Infrastructure must be modernized for growth not to become chaos
EXAMINING SAO PAULO'S EXPERIENCE from a historical perspective reveals that the city is getting ready to repeat, with several decades of delay, the trajectory of other great metropolises in the world. Up until the beginning of the 20th Century, New York had a chronic problem with violence and did not know what to do with the mountains of horse manure. But it was already an important industrial center and was getting its first subway line - and it has become the power we know today. Little by little, Sao Paulo is beginning to follow that same path. That makes room for a cultural evolution as well. "A large part of the middle class recently climbed up from lower classes and is still quenching its thirst of repressed consumption," says Marcos Pazzini, from the consulting firm, Target Marketing, specialized in consumption. After buying and improving his home, car and wardrobe, the consumer tends to rationalize consumption. "The tendency is for him to valorize his children's education more, and financial investments." Today, private schools are responsible for only 15% of students enrolled in Greater Sao Paulo, fewer than 600,000. "This number could double with the increase in income," says Renato Souza Neto, of Prismapar, specialized in business finance, with clients in the education sector.

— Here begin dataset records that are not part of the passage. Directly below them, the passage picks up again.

lemma set_tour: "set (tour t) = set (labels t)"
  by (induction t rule: ltree_induct) (auto split: if_splits)

definition kid_block :: "'a \<Rightarrow> bool \<times> 'a ltree \<Rightarrow> 'a set list" where
  "kid_block a p = {a, lab (snd p)} # path_edges (tour (snd p)) @
     (if fst p then [{a, lab (snd p)}, {a, lab (snd p)}, {a, lab (snd p)}] else [{a, lab (snd p)}])"

lemma path_edges_tour: "path_edges (tour (LNode a cs)) = concat (map (kid_block a) cs)"
proof (induction cs)
  case (Cons p ps)
  let ?s = "tour (snd p) @ (if fst p then [a, lab (snd p), a] else [a])"
  let ?r = "concat (map (\<lambda>p. tour (snd p) @ (if fst p then [a, lab (snd p), a] else [a])) ps)"
  have "path_edges (tour (LNode a (p # ps))) = path_edges ((a # ?s) @ ?r)" by simp
  also have "\<dots> = path_edges (a # ?s) @ path_edges (a # ?r)"
    by (subst path_edges_append) simp_all
  also have "path_edges (a # ?s) = kid_block a p"
    using tour_nonempty[of "snd p"]
    by (simp add: path_edges_Cons path_edges_append kid_block_def insert_commute)
  also have "path_edges (a # ?r) = concat (map (kid_block a) ps)"
    using Cons.IH by simp
  finally show ?case by simp
qed simp

declare tour.simps [simp del]
(* For every $n\ge2$, $$|\mathcal{B}_n(321)|=C(n)-C(n-1)=\frac{3}{n+1}\binom{2n-2}{n-2},$$ where $C(m)=\frac{1}{m+1}\binom{2m}{m}$ is the $m$-th Catalan number.
   Context: A ballot permutation is a $\pi\in\mathfrak{S}_n$ such that every prefix $\pi_1\cdots\pi_i$ has at most as many descents ($\pi_j>\pi_{j+1}$) as ascents ($\pi_j<\pi_{j+1}$); $\mathcal{B}_n$ denotes the set of them. A permutation avoids the pattern $\sigma\in\mathfrak{S}_k$ if it has no subsequence order-isomorphic to $\sigma$; $\mathcal{B}_n(\sigma)$ is the set of $\sigma$-avoiding elements of $\mathcal{B}_n$. *)

theory Defs
  imports Complex_Main
begin

definition perms :: "nat \<Rightarrow> nat list set" where
  "perms n = {xs. distinct xs \<and> set xs = {1..n}}"

text \<open>Number of ascents / descents of the prefix of length i
  (positions j with j+1 < i, 0-indexed).\<close>
definition asc_pref :: "nat list \<Rightarrow> nat \<Rightarrow> nat" where
  "asc_pref xs i = card {j. j + 1 < i \<and> xs ! j < xs ! (j + 1)}"

definition des_pref :: "nat list \<Rightarrow> nat \<Rightarrow> nat" where
  "des_pref xs i = card {j. j + 1 < i \<and> xs ! j > xs ! (j + 1)}"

Projecting the future is risky business. Surprises are part of life, but that is not always something bad. For the founders of the Tok&Stok decoration chain, French couple Ghislaine and Regis Dubrule, the Sao Paulo of today was unimaginable 30 years ago, when they opened their first store totaling 80 square meters in the city. Today, Tok&Stok has 28 stores in 11 states of Brazil. Graduated in political science, the Dubrules thought of taking on academic careers. The idea for the store emerged when the couple had a hard time furnishing their home. "Everything was either too expensive or too popular," says Paul Dubrule, son of the chain's founders and responsible for Tok&Stok's finance area. Obviously, the Dubrules did not have a study capable of showing them what would happen with the Brazilian economy. They went through periods of recession, hyperinflation and witnessed a radical change in Brazilian consumer behavior, which remained practically isolated from the world until the 1990s due to the economic barriers the country imposed on international trade. "Today, people want to know much more about product quality. They want to know if the furniture is made with certified wood and if it complies with global standards. The scenario has changed, but it looks as, if not more, promising than when by parents began," says Paul.